* **What to do**: Set down exactly the first line of the entries and every line after it, through the line with "V T (S1 \<union>".
══ Exercise materials
lemma mincut_subadditive:
  assumes "S1 \<subseteq> T" "S2 \<subseteq> T" "S1 \<inter> S2 = {}"
  shows "mcut (S1 \<union> S2) \<le> mcut S1 + mcut S2"
proof -
  obtain W1 where W1: "separating V T S1 W1" "cap W1 = mcut S1"
    using assms(1) by (rule mincut_attained)
  obtain W2 where W2: "separating V T S2 W2" "cap W2 = mcut S2"
    using assms(2) by (rule mincut_attained)
  define W where "W = (W1 - W2) \<union> (W2 - W1)"
  have T1: "W1 \<inter> T = S1 \<or> W1 \<inter> T = T - S1" and V1: "W1 \<subseteq> V"
    using W1(1) by (auto simp: separating_def)
  have T2: "W2 \<inter> T = S2 \<or> W2 \<inter> T = T - S2" and V2: "W2 \<subseteq> V"
    using W2(1) by (auto simp: separating_def)
  have WT: "W \<inter> T = (W1 \<inter> T - W2 \<inter> T) \<union> (W2 \<inter> T - W1 \<inter> T)" by (auto simp: W_def)
  have "W \<inter> T = S1 \<union> S2 \<or> W \<inter> T = T - (S1 \<union> S2)"
    using T1 T2 assms unfolding WT by blast
  then have "separating V T (S1 \<union> S2) W"
    using V1 V2 unfolding separating_def W_def by blast
  then have "mcut (S1 \<union> S2) \<le> cap W" by (rule mincut_le)
  also have "\<dots> \<le> sum c (\<delta> W1 \<union> \<delta> W2)"
  proof (rule sum_capacity_mono)
    show "\<delta> W \<subseteq> \<delta> W1 \<union> \<delta> W2" unfolding W_def by (rule delta_symdiff_subset) (rule card_ends)
  qed (use delta_subset in blast)
  also have "\<dots> \<le> cap W1 + cap W2"
    using sum_capacity_nonneg[of "\<delta> W1 \<inter> \<delta> W2"] delta_subset[of W1]
    by (simp add: sum_Un finite_delta le_infI1)
  finally show ?thesis using W1 W2 by simp
qed

lemma optimal_cut_component_meets_terminals:
  assumes sep: "separating V T S X" and opt: "cap X = mcut S"
    and u: "u \<in> X" and t': "t' \<in> T" "t' \<notin> X"
  shows "cmp (\<delta> X) u \<inter> T \<noteq> {}"
proof
  let ?C = "cmp (\<delta> X) u"
  assume CT: "?C \<inter> T = {}"
  have CX: "?C \<subseteq> X" "\<delta> ?C \<subseteq> \<delta> X"
    using component_subset_side[OF u] delta_component_subset by auto
  have uV: "u \<in> V" and t'V: "t' \<in> V"
    using sep u t'(1) terminals_subset by (auto simp: separating_def)
  have "t' \<notin> ?C" using t'(2) CX(1) by blast
  then have "\<delta> ?C \<noteq> {}" by (rule delta_nonempty[OF component_self[OF uV] uV t'V])
  have "separating V T S (X - ?C)" using sep CT unfolding separating_def by blast
  then have "mcut S \<le> cap (X - ?C)" by (rule mincut_le)
  also have "\<dots> = cap X - cap ?C" using cap_Diff[OF CX] by simp
  also have "\<dots> < cap X" using cap_pos[OF \<open>\<delta> ?C \<noteq> {}\<close>] by simp
  finally show False using opt by simp
qed

lemma optimal_cut_split:
  assumes ST: "S \<subseteq> T" and sep: "separating V T S X" and opt: "cap X = mcut S"
    and CX: "C \<subseteq> X" "\<delta> C \<subseteq> \<delta> X"
  shows "mcut (C \<inter> T) = cap C" "mcut ((X - C) \<inter> T) = cap (X - C)"
    "cap X = cap C + cap (X - C)"
proof -
  have XV: "X \<subseteq> V" using sep by (simp add: separating_def)
  show split: "cap X = cap C + cap (X - C)" by (rule cap_Diff[OF CX])
  have "mcut S = mcut (X \<inter> T)"
    using sep ST by (auto simp: separating_def mincut_complement)
  also have "X \<inter> T = C \<inter> T \<union> (X - C) \<inter> T" using CX by blast
  finally have "mcut S \<le> mcut (C \<inter> T) + mcut ((X - C) \<inter> T)"
    using mincut_subadditive[of "C \<inter> T" "(X - C) \<inter> T"] by auto
  moreover have "mcut (C \<inter> T) \<le> cap C" "mcut ((X - C) \<inter> T) \<le> cap (X - C)"
    using CX XV by (auto intro!: mincut_le simp: separating_def)
  ultimately show "mcut (C \<inter> T) = cap C" "mcut ((X - C) \<inter> T) = cap (X - C)"
    using opt split by linarith+
qed

end

locale terminal_net_unique = terminal_net +
  assumes unique: "unique_mincuts V E ends T c"
begin

abbreviation "E\<^sub>S S \<equiv> min_cutset V E ends T c S"

lemma min_cutset_unique:
  assumes "proper_terminal_subset T S"
  shows "\<exists>!F. (\<exists>W. separating V T S W \<and> F = \<delta> W) \<and> sum c F = mcut S"
  using unique assms by (simp add: unique_mincuts_def)

lemma min_cutset_attained:
  assumes "proper_terminal_subset T S"
  obtains W where "separating V T S W" "E\<^sub>S S = \<delta> W" "cap W = mcut S"
  using theI'[OF min_cutset_unique[OF assms]] that unfolding min_cutset_def by auto

lemma min_cutset_eqI:
  assumes "proper_terminal_subset T S" "separating V T S W" "cap W = mcut S"
  shows "E\<^sub>S S = \<delta> W"
  using the1_equality[OF min_cutset_unique[OF assms(1)], of "\<delta> W"] assms
  unfolding min_cutset_def by auto

text \<open>\<open>u\<close> lies in a third component of \<open>(V, E - E\<^sub>S)\<close>, besides those of a terminal in \<open>S\<close>
  and one in \<open>T - S\<close>; \<open>X\<close> is the side of the cut containing it.\<close>

lemma nonelementary_third_component:
  assumes pS: "proper_terminal_subset T S" and ne: "S \<notin> elementary_sets V E ends T c"
  obtains X u t t' where "separating V T S X" "E\<^sub>S S = \<delta> X" "cap X = mcut S"
    "u \<in> X" "t \<in> X" "t \<in> T" "t \<notin> cmp (\<delta> X) u" "t' \<in> T" "t' \<notin> X"
proof -
  obtain W where W: "separating V T S W" "E\<^sub>S S = \<delta> W" "cap W = mcut S"
    using pS by (rule min_cutset_attained)
  have WV: "W \<subseteq> V" using W(1) by (simp add: separating_def)
  obtain t1 t2 where t: "t1 \<in> T" "t2 \<in> T" "t1 \<in> W \<longleftrightarrow> t2 \<notin> W"
  proof -
    obtain t1 t2 where t: "t1 \<in> S" "t2 \<in> T" "t2 \<notin> S"
      using pS by (auto simp: proper_terminal_subset_def)
    moreover have "t1 \<in> W \<longleftrightarrow> t2 \<notin> W"
      using t W(1) pS by (auto simp: separating_def proper_terminal_subset_def)
    ultimately show thesis using that[of t1 t2] pS by (auto simp: proper_terminal_subset_def)
  qed
  have tV: "t1 \<in> V" "t2 \<in> V" using t terminals_subset by auto
  have "t2 \<notin> cmp (\<delta> W) t1"
    using reach_avoiding_delta_same_side t(3) by (auto simp: component_def)
  then have distinct: "cmp (\<delta> W) t1 \<noteq> cmp (\<delta> W) t2" using component_self[OF tV(2)] by auto
  obtain u where u: "u \<in> V" "cmp (\<delta> W) u \<noteq> cmp (\<delta> W) t1" "cmp (\<delta> W) u \<noteq> cmp (\<delta> W) t2"
  proof (rule ccontr)
    assume "\<not> thesis"
    then have "\<forall>u \<in> V. cmp (\<delta> W) u = cmp (\<delta> W) t1 \<or> cmp (\<delta> W) u = cmp (\<delta> W) t2"
      using that by meson
    with tV have "cmp (\<delta> W) ` V = {cmp (\<delta> W) t1, cmp (\<delta> W) t2}" by auto
    with distinct ne pS W(2) show False
      by (simp add: elementary_sets_def CC_eq_image_component)
  qed
  define X where "X = (if u \<in> W then W else V - W)"
  define t where "t = (if t1 \<in> X then t1 else t2)"
  define t' where "t' = (if t1 \<in> X then t2 else t1)"
  have "\<delta> X = \<delta> W" by (simp add: X_def delta_complement)
  moreover have "separating V T S X"
    using W(1) terminals_subset pS unfolding X_def separating_def proper_terminal_subset_def by auto
  moreover have "t \<notin> cmp (\<delta> X) u"
    using u component_eqI unfolding t_def \<open>\<delta> X = \<delta> W\<close> by metis
  moreover have "u \<in> X" "t \<in> X" "t' \<notin> X" using u(1) t tV WV by (auto simp: X_def t_def t'_def)
  moreover have "t \<in> T" "t' \<in> T" using t by (simp_all add: t_def t'_def)
  ultimately show ?thesis using W(2,3) by (intro that[of X u t t']) simp_all
qed

lemma nonelementary_split:
  assumes pS: "proper_terminal_subset T S" and ne: "S \<notin> elementary_sets V E ends T c"
  obtains SA SB where "proper_terminal_subset T SA" "proper_terminal_subset T SB"
    "SA \<inter> SB = {}" "SA \<union> SB = S \<or> SA \<union> SB = T - S" "mcut S = mcut SA + mcut SB"
    "card (E\<^sub>S SA) < card (E\<^sub>S S)" "card (E\<^sub>S SB) < card (E\<^sub>S S)"
proof -
  obtain X u t t' where sep: "separating V T S X" and ES: "E\<^sub>S S = \<delta> X"
    and opt: "cap X = mcut S" and u: "u \<in> X"
    and t: "t \<in> X" "t \<in> T" "t \<notin> cmp (\<delta> X) u" and t': "t' \<in> T" "t' \<notin> X"
    using assms by (rule nonelementary_third_component)
  define C where "C = cmp (\<delta> X) u"
  define SA where "SA = C \<inter> T"
  define SB where "SB = (X - C) \<inter> T"
  have ST: "S \<subseteq> T" using pS by (simp add: proper_terminal_subset_def)
  have XV: "X \<subseteq> V" using sep by (simp add: separating_def)
  have CX: "C \<subseteq> X" "\<delta> C \<subseteq> \<delta> X"
    unfolding C_def using component_subset_side[OF u] delta_component_subset by auto
  note parts = optimal_cut_split[OF ST sep opt CX, folded SA_def SB_def]
  have pA: "proper_terminal_subset T SA"
    using optimal_cut_component_meets_terminals[OF sep opt u t'] t CX
    by (auto simp: SA_def C_def proper_terminal_subset_def)
  have pB: "proper_terminal_subset T SB"
    using t t' C_def by (auto simp: SB_def proper_terminal_subset_def)
  have "separating V T SA C" "separating V T SB (X - C)"
    using CX XV by (auto simp: SA_def SB_def separating_def)
  then have "E\<^sub>S SA = \<delta> C" "E\<^sub>S SB = \<delta> (X - C)"
    using min_cutset_eqI[OF pA] min_cutset_eqI[OF pB] parts by simp_all
  moreover have "\<delta> C \<noteq> {}" "\<delta> (X - C) \<noteq> {}"
  proof -
    have "u \<in> V" "t \<in> V" "t' \<in> V" using u t t' XV terminals_subset by auto
    then show "\<delta> C \<noteq> {}" "\<delta> (X - C) \<noteq> {}"
      using t t' CX(1) delta_nonempty[of u C t'] delta_nonempty[of t "X - C" t']
      by (auto simp: C_def component_self)
  qed
  ultimately have "card (E\<^sub>S SA) < card (E\<^sub>S S)" "card (E\<^sub>S SB) < card (E\<^sub>S S)"
    unfolding ES using CX delta_Diff[OF CX] by (auto intro!: psubset_card_mono finite_delta)
  moreover have "SA \<inter> SB = {}" by (auto simp: SA_def SB_def)
  moreover have "SA \<union> SB = S \<or> SA \<union> SB = T - S"
    using sep CX(1) by (auto simp: SA_def SB_def separating_def)
  ultimately show ?thesis using that pA pB parts opt by simp
qed

end

lemma mincut_bound_from_elementary:
  fixes V :: "'v set" and E :: "'e set" and ends :: "'e \<Rightarrow> 'v set" and c :: "'e \<Rightarrow> real"
    and V' :: "'v set" and E' :: "'f set" and ends' :: "'f \<Rightarrow> 'v set" and c' :: "'f \<Rightarrow> real"
  assumes G: "terminal_net_unique V E ends T c" and H: "terminal_net V' E' ends' T c'"
    and elem: "\<And>S. S \<in> elementary_sets V E ends T c \<Longrightarrow>
       mincut V' E' ends' T c' S \<le> a * mincut V E ends T c S"
    and S: "proper_terminal_subset T S"
  shows "mincut V' E' ends' T c' S \<le> a * mincut V E ends T c S"
  using S
proof (induction "card (min_cutset V E ends T c S)" arbitrary: S rule: less_induct)
  case less
  show ?case
  proof (cases "S \<in> elementary_sets V E ends T c")
    case False
    with less.prems obtain SA SB where
      parts: "proper_terminal_subset T SA" "proper_terminal_subset T SB" "SA \<inter> SB = {}"
        "SA \<union> SB = S \<or> SA \<union> SB = T - S"
        "mincut V E ends T c S = mincut V E ends T c SA + mincut V E ends T c SB"
        and smaller: "card (min_cutset V E ends T c SA) < card (min_cutset V E ends T c S)"
          "card (min_cutset V E ends T c SB) < card (min_cutset V E ends T c S)"
      by (rule terminal_net_unique.nonelementary_split[OF G])
    have T: "S \<subseteq> T" "SA \<subseteq> T" "SB \<subseteq> T"
      using less.prems parts by (auto simp: proper_terminal_subset_def)
    have "mincut V' E' ends' T c' S = mincut V' E' ends' T c' (SA \<union> SB)"
      using parts(4) T(1) terminal_net.mincut_complement[OF H] by auto
    also have "\<dots> \<le> mincut V' E' ends' T c' SA + mincut V' E' ends' T c' SB"
      using terminal_net.mincut_subadditive[OF H T(2,3) parts(3)] .
    also have "\<dots> \<le> a * mincut V E ends T c SA + a * mincut V E ends T c SB"
      using less.hyps[OF smaller(1) parts(1)] less.hyps[OF smaller(2) parts(2)] by linarith
    also have "\<dots> = a * mincut V E ends T c S" using parts(5) by (simp add: algebra_simps)
    finally show ?thesis .
  qed (use elem in blast)
qed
════
* **Response area**:
lemma mincut_subadditive:
  assumes "S1 \<subseteq> T" "S2 \<subseteq> T" "S1 \<inter> S2 = {}"
  shows "mcut (S1 \<union> S2) \<le> mcut S1 + mcut S2"
proof -
  obtain W1 where W1: "separating V T S1 W1" "cap W1 = mcut S1"
    using assms(1) by (rule mincut_attained)
  obtain W2 where W2: "separating V T S2 W2" "cap W2 = mcut S2"
    using assms(2) by (rule mincut_attained)
  define W where "W = (W1 - W2) \<union> (W2 - W1)"
  have T1: "W1 \<inter> T = S1 \<or> W1 \<inter> T = T - S1" and V1: "W1 \<subseteq> V"
    using W1(1) by (auto simp: separating_def)
  have T2: "W2 \<inter> T = S2 \<or> W2 \<inter> T = T - S2" and V2: "W2 \<subseteq> V"
    using W2(1) by (auto simp: separating_def)
  have WT: "W \<inter> T = (W1 \<inter> T - W2 \<inter> T) \<union> (W2 \<inter> T - W1 \<inter> T)" by (auto simp: W_def)
  have "W \<inter> T = S1 \<union> S2 \<or> W \<inter> T = T - (S1 \<union> S2)"
    using T1 T2 assms unfolding WT by blast
  then have "separating V T (S1 \<union> S2) W"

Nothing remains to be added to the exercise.